Scott Sheldon’s first thought as the recent California wildfires raged near his home was making sure his family stayed safe through two evacuations. When the immediate threat passed, the mortgage banker faced another major disruption: Lenders stopped all residential financing in the area, leaving many of his clients unsure if they could close on their home sale or refinancing.
Six of his client’s loans in escrow were thrown into limbo, scheduled to close the week of the wildfires, but then delayed indefinitely. “Any kind of residential loan secured by real estate was not happening,” says Sheldon, branch manager at New American Funding in Santa Rosa, California. “Everything has been prolonged.”
The same scenario plays out whenever a wildfire, hurricane or other calamity strikes.
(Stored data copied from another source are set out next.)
lemma alternating_0 [simp]: "alternating s 0 = s"
  and alternating_Not [simp]: "alternating (\<not> s) i \<longleftrightarrow> \<not> alternating s i"
  and alternating_Suc: "\<not> (alternating s i \<and> alternating s (Suc i))"
  by (auto simp: alternating_def)

locale diamond_paths =
  fixes V :: "'a set" and E :: "'a \<Rightarrow> 'a \<Rightarrow> bool" and a b c :: 'a and A B R D :: "'a list"
  assumes graph: "simple_graph V E"
    and distinct_abc: "distinct [a, b, c]"
    and paths: "path_in V E A" "path_in V E B" "path_in V E R" "path_in V E D"
    and ends: "hd A = a" "last A = c" "hd B = c" "last B = b" "hd R = a" "last R = b"
      "hd D = a" "last D = b"
    and meets: "set A \<inter> {a, b, c} = {a, c}" "set B \<inter> {a, b, c} = {c, b}"
      "set R \<inter> {a, b, c} = {a, b}" "set D \<inter> {a, b, c} = {a, b}"
    and internally_disjoint: "set A \<inter> set B \<subseteq> {a, b, c}" "set A \<inter> set R \<subseteq> {a, b, c}"
      "set A \<inter> set D \<subseteq> {a, b, c}" "set B \<inter> set R \<subseteq> {a, b, c}"
      "set B \<inter> set D \<subseteq> {a, b, c}" "set R \<inter> set D \<subseteq> {a, b, c}"
    and D_long: "3 \<le> length D"
begin

abbreviation shadow_joining :: "('a \<times> bool) list \<Rightarrow> 'a \<times> bool \<Rightarrow> 'a \<times> bool \<Rightarrow> bool" where
  "shadow_joining \<equiv> joining_path (shadow_V V) (shadow_E V E) ({a, b, c} \<times> UNIV)"

text \<open>The flags are fixed by the parities of A and B so that every alternating lift of A
  or B ends on the other side of K33 than it starts (end_flags).\<close>

definition flag_c :: bool where "flag_c \<longleftrightarrow> even (length B - 1)"
definition flag_a :: bool where "flag_a \<longleftrightarrow> (even (length A - 1) \<noteq> flag_c)"

definition branch :: "nat \<Rightarrow> 'a \<times> bool" where
  "branch k = [(a, flag_a), (b, False), (c, flag_c), (a, \<not> flag_a), (b, True), (c, \<not> flag_c)] ! k"

definition K33_path :: "nat \<Rightarrow> nat \<Rightarrow> ('a \<times> bool) list" where
  "K33_path u v =
    (if v = u + 3 then [branch u, branch v]
     else if (u, v) = (0, 5) then lift (alternating flag_a) A
     else if (u, v) = (2, 3) then lift (alternating (\<not> flag_a)) A
     else if (u, v) = (2, 4) then lift (alternating flag_c) B
     else if (u, v) = (1, 5) then lift (alternating (\<not> flag_c)) B
     else if (u, v) = (1, 3) then lift (\<lambda>i. i = 0 \<and> \<not> flag_a) R
     else lift (\<lambda>i. i = 0 \<and> flag_a \<or> i = length D - 1) D)"

lemma K33_V_eq: "K33_V = {0, 1, 2, 3, 4, 5}"
  by (auto simp: K33_V_def)

lemma branch_image: "branch ` K33_V = {a, b, c} \<times> UNIV"
proof -
  have "branch ` K33_V
      = {(a, flag_a), (b, False), (c, flag_c), (a, \<not> flag_a), (b, True), (c, \<not> flag_c)}"
    by (simp add: K33_V_eq branch_def)
  also have "\<dots> = {a, b, c} \<times> UNIV"
    by (cases flag_a; cases flag_c) (auto simp: UNIV_bool)
  finally show ?thesis .
qed

lemma inj_branch: "inj_on branch K33_V"
  using distinct_abc by (auto simp: inj_on_def K33_V_eq branch_def)

lemma branch_vertices_in_V: "{a, b, c} \<subseteq> V"
proof -
  have "set A \<subseteq> V" "set B \<subseteq> V" using paths(1,2) by (simp_all add: path_in_def)
  moreover have "a \<in> set A" "c \<in> set A" "b \<in> set B" using meets(1,2) by blast+
  ultimately show ?thesis by blast
qed

lemma meets_ends: "set A \<inter> {a, b, c} = {hd A, last A}" "set B \<inter> {a, b, c} = {hd B, last B}"
  "set R \<inter> {a, b, c} = {hd R, last R}" "set D \<inter> {a, b, c} = {hd D, last D}"
  using meets by (simp_all only: ends)

lemma R_long: "length R - 1 \<noteq> 0"
proof
  assume "length R - 1 = 0"
  moreover have "R \<noteq> []" using paths(3) by (simp add: path_in_def)
  ultimately have "hd R = last R" by (simp add: hd_conv_nth last_conv_nth)
  then show False using ends(5,6) distinct_abc by simp
qed

lemma end_flags: "alternating flag_a (length A - 1) \<longleftrightarrow> \<not> flag_c"
  "alternating flag_c (length B - 1)"
  by (auto simp: alternating_def flag_a_def flag_c_def)

lemma shadow_joining_lift_A:
  "shadow_joining (lift (alternating s) A) (a, s) (c, alternating s (length A - 1))"
  using joining_path_shadow_lift[OF graph paths(1) meets_ends(1), of "alternating s"]
    alternating_Suc
  by (simp add: ends)

lemma shadow_joining_lift_B:
  "shadow_joining (lift (alternating s) B) (c, s) (b, alternating s (length B - 1))"
  using joining_path_shadow_lift[OF graph paths(2) meets_ends(2), of "alternating s"]
    alternating_Suc
  by (simp add: ends)

lemma shadow_joining_lift_R: "shadow_joining (lift (\<lambda>i. i = 0 \<and> s) R) (a, s) (b, False)"
  using joining_path_shadow_lift[OF graph paths(3) meets_ends(3), of "\<lambda>i. i = 0 \<and> s"] R_long
  by (simp add: ends)

lemma shadow_joining_lift_D:
  "shadow_joining (lift (\<lambda>i. i = 0 \<and> s \<or> i = length D - 1) D) (a, s) (b, True)"
proof -
  have "\<not> ((i = 0 \<and> s \<or> i = length D - 1) \<and> (Suc i = 0 \<and> s \<or> Suc i = length D - 1))"
    if "Suc i < length D" for i
    using that D_long by auto
  then show ?thesis
    using joining_path_shadow_lift[OF graph paths(4) meets_ends(4),
        of "\<lambda>i. i = 0 \<and> s \<or> i = length D - 1"] D_long
    by (simp add: ends)
qed

lemma shadow_joining_K33_path:
  assumes "u < 3" "3 \<le> v" "v < 6"
  shows "shadow_joining (K33_path u v) (branch u) (branch v)"
proof -
  note flags = end_flags[simplified]
  consider "v = u + 3" | "(u, v) = (0, 5)" | "(u, v) = (2, 3)" | "(u, v) = (2, 4)"
    | "(u, v) = (1, 5)" | "(u, v) = (1, 3)" | "(u, v) = (0, 4)"
    using assms by fastforce
  then show ?thesis
  proof cases
    case 1
    have "u = 0 \<or> u = 1 \<or> u = 2" using assms(1) by auto
    then show ?thesis
      using 1 joining_path_shadow_stub[OF _ branch_vertices_in_V, of _ E]
        joining_path_shadow_stub[OF _ branch_vertices_in_V, of b E False]
      by (auto simp: K33_path_def branch_def)
  next
    case 2
    then show ?thesis using shadow_joining_lift_A[of flag_a]
      by (simp add: K33_path_def branch_def flags)
  next
    case 3
    then show ?thesis using shadow_joining_lift_A[of "\<not> flag_a"]
      by (simp add: K33_path_def branch_def flags joining_path_commute)
  next
    case 4
    then show ?thesis using shadow_joining_lift_B[of flag_c]
      by (simp add: K33_path_def branch_def flags)
  next
    case 5
    then show ?thesis using shadow_joining_lift_B[of "\<not> flag_c"]
      by (simp add: K33_path_def branch_def flags joining_path_commute)
  next
    case 6
    then show ?thesis using shadow_joining_lift_R[of "\<not> flag_a"]
      by (simp add: K33_path_def branch_def joining_path_commute)
  next
    case 7
    then show ?thesis using shadow_joining_lift_D[of flag_a]
      by (simp add: K33_path_def branch_def)
  qed
qed

lemma K33_paths_disjoint:
  assumes "u < 3" "3 \<le> v" "v < 6" "x < 3" "3 \<le> y" "y < 6" "(u, v) \<noteq> (x, y)"
  shows "set (K33_path u v) \<inter> set (K33_path x y) \<subseteq> {a, b, c} \<times> UNIV"
proof -
  have stub: "set (K33_path k (k + 3)) \<subseteq> {a, b, c} \<times> UNIV" if "k < 3" for k
  proof -
    have "set (K33_path k (k + 3)) \<subseteq> branch ` K33_V"
      using that by (auto simp: K33_path_def K33_V_def)
    then show ?thesis by (simp only: branch_image)
  qed
  consider "v = u + 3" | "y = x + 3" | "v \<noteq> u + 3" "y \<noteq> x + 3" by blast
  then show ?thesis
  proof cases
    case 1
    then show ?thesis using stub[OF assms(1)] by blast
  next
    case 2
    then show ?thesis using stub[OF assms(4)] by blast
  next
    case 3
    have "distinct A" "distinct B" using paths(1,2) by (simp_all add: path_in_def)
    then have complementary:
      "set (lift (alternating s) A) \<inter> set (lift (alternating (\<not> s)) A) = {}"
      "set (lift (alternating (\<not> s)) A) \<inter> set (lift (alternating s) A) = {}"
      "set (lift (alternating s) B) \<inter> set (lift (alternating (\<not> s)) B) = {}"
      "set (lift (alternating (\<not> s)) B) \<inter> set (lift (alternating s) B) = {}" for s
      by (simp_all add: lift_complement_disjoint)
    have internally_disjoint':
      "set B \<inter> set A \<subseteq> {a, b, c}" "set R \<inter> set A \<subseteq> {a, b, c}" "set D \<inter> set A \<subseteq> {a, b, c}"
      "set R \<inter> set B \<subseteq> {a, b, c}" "set D \<inter> set B \<subseteq> {a, b, c}" "set D \<inter> set R \<subseteq> {a, b, c}"
      using internally_disjoint by blast+
    have "u \<in> {0, 1, 2}" "v \<in> {3, 4, 5}" "x \<in> {0, 1, 2}" "y \<in> {3, 4, 5}"
      using assms(1-6) by auto
    then show ?thesis
      using 3 assms(7)
      by (elim insertE emptyE; simp add: K33_path_def complementary internally_disjoint
          internally_disjoint' lift_Int_subset)
  qed
qed
(* Let $m\in\mathbb N$. Let $\mathbf X=(X_1,\dots,X_n)$ be (possibly dependent) component lifetimes and $\mathbf Y_i=(Y_{i1},\dots,Y_{in})$, $i=1,\dots,m$, be vectors of spare lifetimes, all $X_j$ and $Y_{ij}$ identically distributed as $X$. Let $T_C=\tau(\mathbf Z)$, where $Z_j=\max\{X_j,Y_{1j},\dots,Y_{mj}\}$ with $X_j,Y_{1j},\dots,Y_{mj}$ independent, and $T_S=\max\{\tau(\mathbf X),\tau(\mathbf Y_1),\dots,\tau(\mathbf Y_m)\}$ with $\tau(\mathbf X),\tau(\mathbf Y_1),\dots,\tau(\mathbf Y_m)$ independent, where $\tau$ is a coherent structure and $\tau(\mathbf X),\tau(\mathbf Y_i),\tau(\mathbf Z)$ all have the same domination function $h$; thus $\bar F_{T_C}(x)=h\big(1-(1-\bar F_X(x))^{m+1}\big)$ and $F_{T_S}(x)=\big(1-h(\bar F_X(x))\big)^{m+1}$. Let $R(p)=(1-p)h'(p)/(1-h(p))$, $p\in(0,1)$. Then $T_S\underset{b}{\prec}T_C$ holds if and only if $R(p)/R\big(1-(1-p)^{m+1}\big)$ is increasing in $p\in(0,1)$.
   Context: All random variables are non-negative and absolutely continuous with support $[0,\infty)$. For a random variable $W$: density $f_W$, cdf $F_W$, survival $\bar F_W=1-F_W$, reversed hazard rate $\tilde r_W=f_W/F_W$. $U\underset{b}{\prec}V$ means $\tilde r_U(x)/\tilde r_V(x)$ is decreasing in $x\ge0$. The domination function $h:[0,1]\to[0,1]$ of a coherent system whose components have common marginal survival function $\bar G$ is the function (depending on structure and survival copula) with system reliability $h(\bar G(x))$; it is increasing, continuous, $h(0)=0$, $h(1)=1$, assumed differentiable. "Increasing" means non-decreasing, "decreasing" means non-increasing. *)

theory Defs
  imports "HOL-Analysis.Analysis"
begin

definition rev_hazard :: "(real \<Rightarrow> real) \<Rightarrow> real \<Rightarrow> real" where
  "rev_hazard G x = deriv G x / G x"

definition rhr_ratio_order :: "(real \<Rightarrow> real) \<Rightarrow> (real \<Rightarrow> real) \<Rightarrow> bool" where
  "rhr_ratio_order U V \<longleftrightarrow>
     (\<forall>x y. 0 < x \<longrightarrow> x \<le> y \<longrightarrow>
        rev_hazard U y / rev_hazard V y \<le> rev_hazard U x / rev_hazard V x)"

definition cdf_TC :: "(real \<Rightarrow> real) \<Rightarrow> (real \<Rightarrow> real) \<Rightarrow> nat \<Rightarrow> real \<Rightarrow> real" where
  "cdf_TC F h m x = 1 - h (1 - (1 - (1 - F x)) ^ Suc m)"

definition cdf_TS :: "(real \<Rightarrow> real) \<Rightarrow> (real \<Rightarrow> real) \<Rightarrow> nat \<Rightarrow> real \<Rightarrow> real" where
  "cdf_TS F h m x = (1 - h (1 - F x)) ^ Suc m"

definition Rfun :: "(real \<Rightarrow> real) \<Rightarrow> real \<Rightarrow> real" where
  "Rfun h p = (1 - p) * deriv h p / (1 - h p)"

end

theory Submission
  imports Defs
begin

text \<open>Write p = 1 - F x for the survival probability of a component. By the chain rule
  both reversed hazard rates are (m + 1) f(x) / F(x) times a value of R: R(p) for T_S and
  R(1 - (1 - p)^(m+1)) for T_C. Their ratio is therefore R(p) / R(1 - (1 - p)^(m+1)) at
  p = 1 - F x, and since x \<mapsto> 1 - F x maps (0, \<infinity>) onto (0, 1) decreasingly, the ratio
  decreases in x exactly when this function increases in p.\<close>

lemma antimono_comp_iff_mono_on:
  fixes \<phi> :: "'a::linorder \<Rightarrow> 'b::linorder" and g :: "'b \<Rightarrow> 'c::order"
  assumes \<phi>_antimono: "\<And>x y. x \<in> A \<Longrightarrow> y \<in> A \<Longrightarrow> x \<le> y \<Longrightarrow> \<phi> y \<le> \<phi> x"
    and \<phi>_image: "\<phi> ` A = B"
  shows "(\<forall>x\<in>A. \<forall>y\<in>A. x \<le> y \<longrightarrow> g (\<phi> y) \<le> g (\<phi> x)) \<longleftrightarrow> mono_on B g"
proof
  assume anti: "\<forall>x\<in>A. \<forall>y\<in>A. x \<le> y \<longrightarrow> g (\<phi> y) \<le> g (\<phi> x)"
  show "mono_on B g"
  proof (rule mono_onI)
    fix a b assume "a \<in> B" "b \<in> B" "a \<le> b"
    then obtain x y where xy: "x \<in> A" "y \<in> A" "\<phi> x = b" "\<phi> y = a"
      using \<phi>_image by blast
    show "g a \<le> g b"
    proof (cases "x \<le> y")
      case True
      then show ?thesis using anti xy by blast
    next
      case False
      then have "a = b" using \<phi>_antimono[of y x] xy \<open>a \<le> b\<close> by auto
      then show ?thesis by simp
    qed
  qed
next
  assume "mono_on B g"
  then show "\<forall>x\<in>A. \<forall>y\<in>A. x \<le> y \<longrightarrow> g (\<phi> y) \<le> g (\<phi> x)"
    using \<phi>_antimono \<phi>_image by (auto intro: mono_onD)
qed

lemma cdf_le_one:
  fixes F :: "real \<Rightarrow> real"
  assumes "mono F" and "(F \<longlongrightarrow> 1) at_top"
  shows "F x \<le> 1"
proof -
  have "eventually (\<lambda>y. F x \<le> F y) at_top"
    using eventually_ge_at_top[of x] by eventually_elim (use assms(1) in \<open>simp add: mono_def\<close>)
  then show ?thesis
    using tendsto_le[OF _ assms(2) tendsto_const] by simp
qed

lemma survival_image_pos_reals:
  fixes F f :: "real \<Rightarrow> real"
  assumes F_zero: "\<forall>x\<le>0. F x = 0"
    and F_mono: "mono F"
    and F_cont: "continuous_on UNIV F"
    and F_lim: "(F \<longlongrightarrow> 1) at_top"
    and F_dens: "\<forall>x>0. (F has_real_derivative f x) (at x)"
    and f_pos: "\<forall>x>0. f x > 0"
  shows "(\<lambda>x. 1 - F x) ` {0<..} = {0<..<1}"
proof -
  have F_strict: "F x < F y" if "0 < x" "x < y" for x y
    using that F_dens f_pos
    by (intro DERIV_pos_imp_increasing[OF that(2)]) (metis less_le_trans)
  have F_bounds: "0 < F x \<and> F x < 1" if "0 < x" for x
  proof
    have "F 0 \<le> F (x/2)" using F_mono that by (simp add: mono_def)
    then show "0 < F x" using F_strict[of "x/2" x] F_zero that by simp
    show "F x < 1" using F_strict[of x "x+1"] cdf_le_one[OF F_mono F_lim, of "x+1"] that by simp
  qed
  have survival_onto: "a \<in> (\<lambda>x. 1 - F x) ` {0<..}" if a: "0 < a" "a < 1" for a
  proof -
    obtain b where b: "\<And>y. y \<ge> b \<Longrightarrow> F y > 1 - a"
      using order_tendstoD(1)[OF F_lim, of "1 - a"] a
      unfolding eventually_at_top_linorder by auto
    have "F (max b 0) > 1 - a" using b by simp
    then obtain x where x: "0 \<le> x" "F x = 1 - a"
      using IVT[of F 0 "1 - a" "max b 0"] F_zero a F_cont
      by (auto simp: continuous_on_eq_continuous_at)
    moreover have "x \<noteq> 0" using x F_zero a by auto
    ultimately show ?thesis by (intro rev_image_eqI[of x]) auto
  qed
  show ?thesis
    using F_bounds survival_onto by fastforce
qed

lemma has_real_derivative_cdf_TS:
  fixes F h :: "real \<Rightarrow> real" and D :: real
  assumes "(F has_real_derivative D) (at x)" and "h differentiable (at (1 - F x))"
  shows "(cdf_TS F h m has_real_derivative
           Suc m * (1 - h (1 - F x)) ^ m * deriv h (1 - F x) * D) (at x)"
proof -
  have "(h has_real_derivative deriv h (1 - F x)) (at (1 - F x))"
    using assms(2) DERIV_deriv_iff_real_differentiable by blast
  moreover have "((\<lambda>x. 1 - F x) has_real_derivative - D) (at x)"
    using assms(1) by (auto intro!: derivative_eq_intros)
  ultimately have "((\<lambda>x. h (1 - F x)) has_real_derivative deriv h (1 - F x) * - D) (at x)"
    by (rule DERIV_chain2)
  then show ?thesis
    unfolding cdf_TS_def by (auto intro!: derivative_eq_intros simp del: power_Suc)
qed

lemma has_real_derivative_cdf_TC:
  fixes F h :: "real \<Rightarrow> real" and D :: real
  assumes "(F has_real_derivative D) (at x)" and "h differentiable (at (1 - F x ^ Suc m))"
  shows "(cdf_TC F h m has_real_derivative
           deriv h (1 - F x ^ Suc m) * (Suc m * F x ^ m * D)) (at x)"
proof -
  have "(h has_real_derivative deriv h (1 - F x ^ Suc m)) (at (1 - F x ^ Suc m))"
    using assms(2) DERIV_deriv_iff_real_differentiable by blast
  moreover have "((\<lambda>x. 1 - F x ^ Suc m) has_real_derivative - (Suc m * F x ^ m * D)) (at x)"
    using assms(1) by (auto intro!: derivative_eq_intros simp del: power_Suc)
  ultimately have "((\<lambda>x. h (1 - F x ^ Suc m)) has_real_derivative
          deriv h (1 - F x ^ Suc m) * - (Suc m * F x ^ m * D)) (at x)"
    by (rule DERIV_chain2)
  then show ?thesis
    unfolding cdf_TC_def by (auto intro!: derivative_eq_intros simp del: power_Suc)
qed

lemma rev_hazard_cdf_TS:
  fixes F h :: "real \<Rightarrow> real" and D :: real
  assumes "(F has_real_derivative D) (at x)" and "h differentiable (at (1 - F x))"
    and "F x \<noteq> 0" and "h (1 - F x) \<noteq> 1"
  shows "rev_hazard (cdf_TS F h m) x = Suc m * D * Rfun h (1 - F x) / F x"
proof -
  define A where "A = 1 - h (1 - F x)"
  have "A \<noteq> 0" using assms(4) by (simp add: A_def)
  have "rev_hazard (cdf_TS F h m) x = Suc m * A ^ m * deriv h (1 - F x) * D / (A * A ^ m)"
    unfolding rev_hazard_def DERIV_imp_deriv[OF has_real_derivative_cdf_TS[of F D x h m, OF assms(1,2)]]
    by (simp add: cdf_TS_def A_def)
  also have "\<dots> = Suc m * D * Rfun h (1 - F x) / F x"
    using \<open>A \<noteq> 0\<close> assms(3) by (simp add: Rfun_def A_def[symmetric] field_simps)
  finally show ?thesis .
qed

lemma rev_hazard_cdf_TC:
  fixes F h :: "real \<Rightarrow> real" and D :: real
  assumes "(F has_real_derivative D) (at x)" and "h differentiable (at (1 - F x ^ Suc m))"
    and "F x \<noteq> 0" and "h (1 - F x ^ Suc m) \<noteq> 1"
  shows "rev_hazard (cdf_TC F h m) x = Suc m * D * Rfun h (1 - F x ^ Suc m) / F x"
proof -
  define B where "B = 1 - h (1 - F x ^ Suc m)"
  have "B \<noteq> 0" using assms(4) by (simp add: B_def)
  have "rev_hazard (cdf_TC F h m) x = deriv h (1 - F x ^ Suc m) * (Suc m * F x ^ m * D) / B"
    unfolding rev_hazard_def DERIV_imp_deriv[OF has_real_derivative_cdf_TC[of F D x h m, OF assms(1,2)]]
    by (simp add: cdf_TC_def B_def del: power_Suc)
  also have "\<dots> = Suc m * D * Rfun h (1 - F x ^ Suc m) / F x"
    using \<open>B \<noteq> 0\<close> assms(3)
    by (simp add: Rfun_def B_def[symmetric] field_simps del: power_Suc) simp
  finally show ?thesis .
qed

lemma rev_hazard_ratio_cdf_TS_cdf_TC:
  fixes F h :: "real \<Rightarrow> real" and D :: real
  assumes dF: "(F has_real_derivative D) (at x)" and "D \<noteq> 0" and Fx: "0 < F x" "F x < 1"
    and h_diff: "\<forall>p\<in>{0<..<1}. h differentiable (at p)" and h_lt1: "\<forall>p\<in>{0<..<1}. h p < 1"
  shows "rev_hazard (cdf_TS F h m) x / rev_hazard (cdf_TC F h m) x =
         Rfun h (1 - F x) / Rfun h (1 - F x ^ Suc m)"
proof -
  have p: "1 - F x \<in> {0<..<1}" using Fx by simp
  have q: "1 - F x ^ Suc m \<in> {0<..<1}"
    using Fx by (simp add: power_less_one_iff del: power_Suc)
  have "rev_hazard (cdf_TS F h m) x = Suc m * D * Rfun h (1 - F x) / F x"
    by (rule rev_hazard_cdf_TS[OF dF h_diff[rule_format, OF p] _
          less_imp_neq[OF h_lt1[rule_format, OF p]]]) (use Fx in simp)
  moreover have "rev_hazard (cdf_TC F h m) x = Suc m * D * Rfun h (1 - F x ^ Suc m) / F x"
    by (rule rev_hazard_cdf_TC[OF dF h_diff[rule_format, OF q] _
          less_imp_neq[OF h_lt1[rule_format, OF q]]]) (use Fx in simp)
  ultimately show ?thesis
    using Fx \<open>D \<noteq> 0\<close> by (simp del: power_Suc)
qed

theorem theorem4p2:
  fixes F f h :: "real \<Rightarrow> real" and m :: nat
  assumes F_zero: "\<forall>x\<le>0. F x = 0"
    and F_mono: "mono F"
    and F_cont: "continuous_on UNIV F"
    and F_lim: "(F \<longlongrightarrow> 1) at_top"
    and F_dens: "\<forall>x>0. (F has_real_derivative f x) (at x)"
    and f_pos: "\<forall>x>0. f x > 0"
    and h0: "h 0 = 0" and h1: "h 1 = 1"
    and h_mono: "mono_on {0..1} h"
    and h_cont: "continuous_on {0..1} h"
    and h_range: "\<forall>p\<in>{0..1}. h p \<in> {0..1}"
    and h_diff: "\<forall>p\<in>{0<..<1}. h differentiable (at p)"
    and h_lt1: "\<forall>p\<in>{0<..<1}. h p < 1"
  shows "rhr_ratio_order (cdf_TS F h m) (cdf_TC F h m) \<longleftrightarrow>
         mono_on {0<..<1} (\<lambda>p. Rfun h p / Rfun h (1 - (1 - p) ^ Suc m))"
proof -
  define G where "G p = Rfun h p / Rfun h (1 - (1 - p) ^ Suc m)" for p
  have image: "(\<lambda>x. 1 - F x) ` {0<..} = {0<..<1}"
    using survival_image_pos_reals[OF F_zero F_mono F_cont F_lim F_dens f_pos] .
  have ratio: "rev_hazard (cdf_TS F h m) x / rev_hazard (cdf_TC F h m) x = G (1 - F x)"
    if "0 < x" for x
  proof -
    have "1 - F x \<in> {0<..<1}" using image that by blast
    moreover have "f x \<noteq> 0" using f_pos that by auto
    ultimately show ?thesis
      using rev_hazard_ratio_cdf_TS_cdf_TC[of F "f x" x h m] F_dens h_diff h_lt1 that
      by (simp add: G_def)
  qed
  have "rhr_ratio_order (cdf_TS F h m) (cdf_TC F h m) \<longleftrightarrow>
        (\<forall>x\<in>{0<..}. \<forall>y\<in>{0<..}. x \<le> y \<longrightarrow> G (1 - F y) \<le> G (1 - F x))"
    unfolding rhr_ratio_order_def by (auto simp: ratio dest: order_less_le_trans)
  also have "\<dots> \<longleftrightarrow> mono_on {0<..<1} G"
    using image by (intro antimono_comp_iff_mono_on) (simp add: F_mono[THEN monoD])
  finally show ?thesis unfolding G_def .
qed

end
Fannie Mae and Freddie Mac—the largest guarantors of home loans—stipulate that lenders can’t fund mortgages backed by property in FEMA-declared disaster areas. That means no home sales can close; no refinances can be completed; and no credit lines or equity loans can be extended until the declaration is lifted or Fannie and Freddie offer new guidance for lenders.
Even when the all-clear is given, as is now the case in California and the hurricane zones in Florida and Texas, it’s not business as usual. Mortgage lenders must take extra steps to verify it can still lend on a property, especially if the home has been damaged. For nervous buyers, sellers and homeowners, the best approach is to wait and see, says Sheldon. Here's what to expect.
A new inspection
As soon as possible, the buyer (or homeowner in the case of a refinance or other mortgage credit) must order a post-disaster property appraisal, which includes an exterior inspection and an analysis of market data to determine if the home’s value has declined since the original appraisal. It can be executed by the original appraiser, another licensed appraiser, or a licensed property inspection company. If the home was flooded, a mold test may also be required. If mold is found, the seller should expect to pay $2,200 for remediation or lower the sales price to reflect the repairs needed.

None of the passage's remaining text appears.